#### [TASK]
The data below is to be returned in full and exactly.

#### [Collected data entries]
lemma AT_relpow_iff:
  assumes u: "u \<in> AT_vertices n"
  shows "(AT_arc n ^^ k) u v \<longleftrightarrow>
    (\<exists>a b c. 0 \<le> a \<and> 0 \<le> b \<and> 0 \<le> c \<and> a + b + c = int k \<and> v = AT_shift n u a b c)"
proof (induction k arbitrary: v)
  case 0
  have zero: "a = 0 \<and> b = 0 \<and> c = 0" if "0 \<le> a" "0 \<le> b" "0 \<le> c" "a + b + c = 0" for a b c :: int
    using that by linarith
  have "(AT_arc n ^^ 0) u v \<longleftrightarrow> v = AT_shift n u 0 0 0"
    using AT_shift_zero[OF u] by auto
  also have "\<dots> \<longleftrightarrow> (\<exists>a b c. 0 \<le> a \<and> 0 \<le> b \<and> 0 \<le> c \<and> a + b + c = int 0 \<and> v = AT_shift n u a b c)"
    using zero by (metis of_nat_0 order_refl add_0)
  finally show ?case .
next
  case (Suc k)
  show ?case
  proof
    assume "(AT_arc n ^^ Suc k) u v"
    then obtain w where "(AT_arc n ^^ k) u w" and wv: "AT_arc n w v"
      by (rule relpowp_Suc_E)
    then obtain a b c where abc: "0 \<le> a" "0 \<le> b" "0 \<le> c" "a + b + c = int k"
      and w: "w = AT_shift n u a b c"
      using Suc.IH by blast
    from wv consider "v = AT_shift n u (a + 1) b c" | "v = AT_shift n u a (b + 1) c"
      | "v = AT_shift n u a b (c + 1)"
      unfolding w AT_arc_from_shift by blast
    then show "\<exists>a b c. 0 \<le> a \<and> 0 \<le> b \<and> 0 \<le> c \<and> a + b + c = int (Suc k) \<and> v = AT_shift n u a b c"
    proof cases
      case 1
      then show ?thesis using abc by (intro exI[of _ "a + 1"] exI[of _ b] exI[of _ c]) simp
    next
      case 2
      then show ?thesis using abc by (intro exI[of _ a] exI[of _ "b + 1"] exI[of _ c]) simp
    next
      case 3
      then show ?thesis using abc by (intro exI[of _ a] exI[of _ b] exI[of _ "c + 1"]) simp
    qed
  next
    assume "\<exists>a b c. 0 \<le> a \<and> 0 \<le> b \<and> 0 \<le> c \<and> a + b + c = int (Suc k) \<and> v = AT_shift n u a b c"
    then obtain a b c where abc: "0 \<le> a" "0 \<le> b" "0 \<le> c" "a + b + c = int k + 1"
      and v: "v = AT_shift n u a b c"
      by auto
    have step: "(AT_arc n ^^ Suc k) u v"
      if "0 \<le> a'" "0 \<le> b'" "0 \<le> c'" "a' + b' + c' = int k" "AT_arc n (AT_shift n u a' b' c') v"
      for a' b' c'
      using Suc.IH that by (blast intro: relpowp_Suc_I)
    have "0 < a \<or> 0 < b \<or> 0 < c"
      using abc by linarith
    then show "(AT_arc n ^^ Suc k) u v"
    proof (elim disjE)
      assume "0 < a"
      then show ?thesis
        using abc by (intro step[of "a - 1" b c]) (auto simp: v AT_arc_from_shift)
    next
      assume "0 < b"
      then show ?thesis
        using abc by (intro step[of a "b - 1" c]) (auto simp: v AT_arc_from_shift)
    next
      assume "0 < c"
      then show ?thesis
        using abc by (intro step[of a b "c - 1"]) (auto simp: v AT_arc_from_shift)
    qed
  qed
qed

#### [FINISHED TASK]
lemma AT_relpow_iff:
  assumes u: "u \<in> AT_vertices n"
  shows "(AT_arc n ^^ k) u v \<longleftrightarrow>
    (\<exists>a b c. 0 \<le> a \<and> 0 \<le> b \<and> 0 \<le> c \<and> a + b + c = int k \<and> v = AT_shift n u a b c)"
proof (induction k arbitrary: v)
  case 0
  have zero: "a = 0 \<and> b = 0 \<and> c = 0" if "0 \<le> a" "0 \<le> b" "0 \<le> c" "a + b + c = 0" for a b c :: int
    using that by linarith
  have "(AT_arc n ^^ 0) u v \<longleftrightarrow> v = AT_shift n u 0 0 0"
    using AT_shift_zero[OF u] by auto
  also have "\<dots> \<longleftrightarrow> (\<exists>a b c. 0 \<le> a \<and> 0 \<le> b \<and> 0 \<le> c \<and> a + b + c = int 0 \<and> v = AT_shift n u a b c)"
    using zero by (metis of_nat_0 order_refl add_0)
  finally show ?case .
next
  case (Suc k)
  show ?case
  proof
    assume "(AT_arc n ^^ Suc k) u v"
    then obtain w where "(AT_arc n ^^ k) u w" and wv: "AT_arc n w v"
      by (rule relpowp_Suc_E)
    then obtain a b c where abc: "0 \<le> a" "0 \<le> b" "0 \<le> c" "a + b + c = int k"
      and w: "w = AT_shift n u a b c"
      using Suc.IH by blast
    from wv consider "v = AT_shift n u (a + 1) b c" | "v = AT_shift n u a (b + 1) c"
      | "v = AT_shift n u a b (c + 1)"
      unfolding w AT_arc_from_shift by blast
    then show "\<exists>a b c. 0 \<le> a \<and> 0 \<le> b \<and> 0 \<le> c \<and> a + b + c = int (Suc k) \<and> v = AT_shift n u a b c"
    proof cases
      case 1
      then show ?thesis using abc by (intro exI[of _ "a + 1"] exI[of _ b] exI[of _ c]) simp
    next
      case 2
      then show ?thesis using abc by (intro exI[of _ a] exI[of _ "b + 1"] exI[of _ c]) simp
    next
      case 3
      then show ?thesis using abc by (intro exI[of _ a] exI[of _ b] exI[of _ "c + 1"]) simp
    qed
  next
    assume "\<exists>a b c. 0 \<le> a \<and> 0 \<le> b \<and> 0 \<le> c \<and> a + b + c = int (Suc k) \<and> v = AT_shift n u a b c"
    then obtain a b c where abc: "0 \<le> a" "0 \<le> b" "0 \<le> c" "a + b + c = int k + 1"
      and v: "v = AT_shift n u a b c"
      by auto
    have step: "(AT_arc n ^^ Suc k) u v"
      if "0 \<le> a'" "0 \<le> b'" "0 \<le> c'" "a' + b' + c' = int k" "AT_arc n (AT_shift n u a' b' c') v"
      for a' b' c'
      using Suc.IH that by (blast intro: relpowp_Suc_I)
    have "0 < a \<or> 0 < b \<or> 0 < c"
      using abc by linarith
    then show "(AT_arc n ^^ Suc k) u v"
    proof (elim disjE)
      assume "0 < a"
      then show ?thesis
        using abc by (intro step[of "a - 1" b c]) (auto simp: v AT_arc_from_shift)
    next
      assume "0 < b"
      then show ?thesis
        using abc by (intro step[of a "b - 1" c]) (auto simp: v AT_arc_from_shift)
    next
      assume "0 < c"
      then show ?thesis
        using abc by (intro step[of a b "c - 1"]) (auto simp: v AT_arc_from_shift)
    qed
  qed
qed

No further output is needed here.